WHAT THE EXERCISE ASKS: Your answer should contain every line of the records, transcribed word for word.

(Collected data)
(* Each ring axiom of Q is checked after applying every h i, where it holds in M i. *)

lemma neg_add_cancel: "U \<in> carrier Q \<Longrightarrow> neg U \<oplus>\<^bsub>Q\<^esub> U = \<zero>\<^bsub>Q\<^esub>"
  by (rule jointly_injective) (simp_all add: transfer_simps)

lemma cring_Q: "cring Q"
proof (rule cringI)
  show "abelian_group Q"
    by (rule abelian_groupI; (rule closed; assumption)?)
       (auto intro: neg_add_cancel neg_closed jointly_injective simp: transfer_simps)
  show "comm_monoid Q"
    by (rule comm_monoidI; (rule closed; assumption)?; rule jointly_injective)
       (simp_all add: transfer_simps)
qed (rule jointly_injective; simp add: transfer_simps)

lemma ring_hom_cring_h: "i \<in> I \<Longrightarrow> ring_hom_cring Q (M i) (h i)"
  by (rule ring_hom_cringI[OF cring_Q cring_M]) (auto intro!: ring_hom_memI simp: h_simps)

lemma a_inv_eq_neg:
  assumes "U \<in> carrier Q"
  shows "\<ominus>\<^bsub>Q\<^esub> U = neg U"
proof -
  interpret Q: cring Q by (rule cring_Q)
  show ?thesis using assms by (simp add: Q.minus_equality neg_add_cancel neg_closed)
qed

lemma h_finsum:
  assumes "i \<in> I" and "finite K" and "\<And>k. k \<in> K \<Longrightarrow> F k \<in> carrier Q"
  shows "h i (\<Oplus>\<^bsub>Q\<^esub> k\<in>K. F k) = (\<Oplus>\<^bsub>M i\<^esub> k\<in>K. h i (F k))"
proof -
  interpret ring_hom_cring Q "M i" "h i" by (rule ring_hom_cring_h[OF assms(1)])
  show ?thesis using assms by (subst hom_finsum) (auto intro!: S.finsum_cong' simp: h_closed)
qed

YOUR SOLUTION:
(* Each ring axiom of Q is checked after applying every h i, where it holds in M i. *)

lemma neg_add_cancel: "U \<in> carrier Q \<Longrightarrow> neg U \<oplus>\<^bsub>Q\<^esub> U = \<zero>\<^bsub>Q\<^esub>"
  by (rule jointly_injective) (simp_all add: transfer_simps)

lemma cring_Q: "cring Q"
proof (rule cringI)
  show "abelian_group Q"
    by (rule abelian_groupI; (rule closed; assumption)?)
       (auto intro: neg_add_cancel neg_closed jointly_injective simp: transfer_simps)
  show "comm_monoid Q"
    by (rule comm_monoidI; (rule closed; assumption)?; rule jointly_injective)
       (simp_all add: transfer_simps)
qed (rule jointly_injective; simp add: transfer_simps)

lemma ring_hom_cring_h: "i \<in> I \<Longrightarrow> ring_hom_cring Q (M i) (h i)"
  by (rule ring_hom_cringI[OF cring_Q cring_M]) (auto intro!: ring_hom_memI simp: h_simps)

lemma a_inv_eq_neg:
  assumes "U \<in> carrier Q"
  shows "\<ominus>\<^bsub>Q\<^esub> U = neg U"
proof -
  interpret Q: cring Q by (rule cring_Q)
  show ?thesis using assms by (simp add: Q.minus_equality neg_add_cancel neg_closed)
qed

lemma h_finsum:
  assumes "i \<in> I" and "finite K" and "\<And>k. k \<in> K \<Longrightarrow> F k \<in> carrier Q"
  shows "h i (\<Oplus>\<^bsub>Q\<^esub> k\<in>K. F k) = (\<Oplus>\<^bsub>M i\<^esub> k\<in>K. h i (F k))"
proof -
  interpret ring_hom_cring Q "M i" "h i" by (rule ring_hom_cring_h[OF assms(1)])
  show ?thesis using assms by (subst hom_finsum) (auto intro!: S.finsum_cong' simp: h_closed)
qed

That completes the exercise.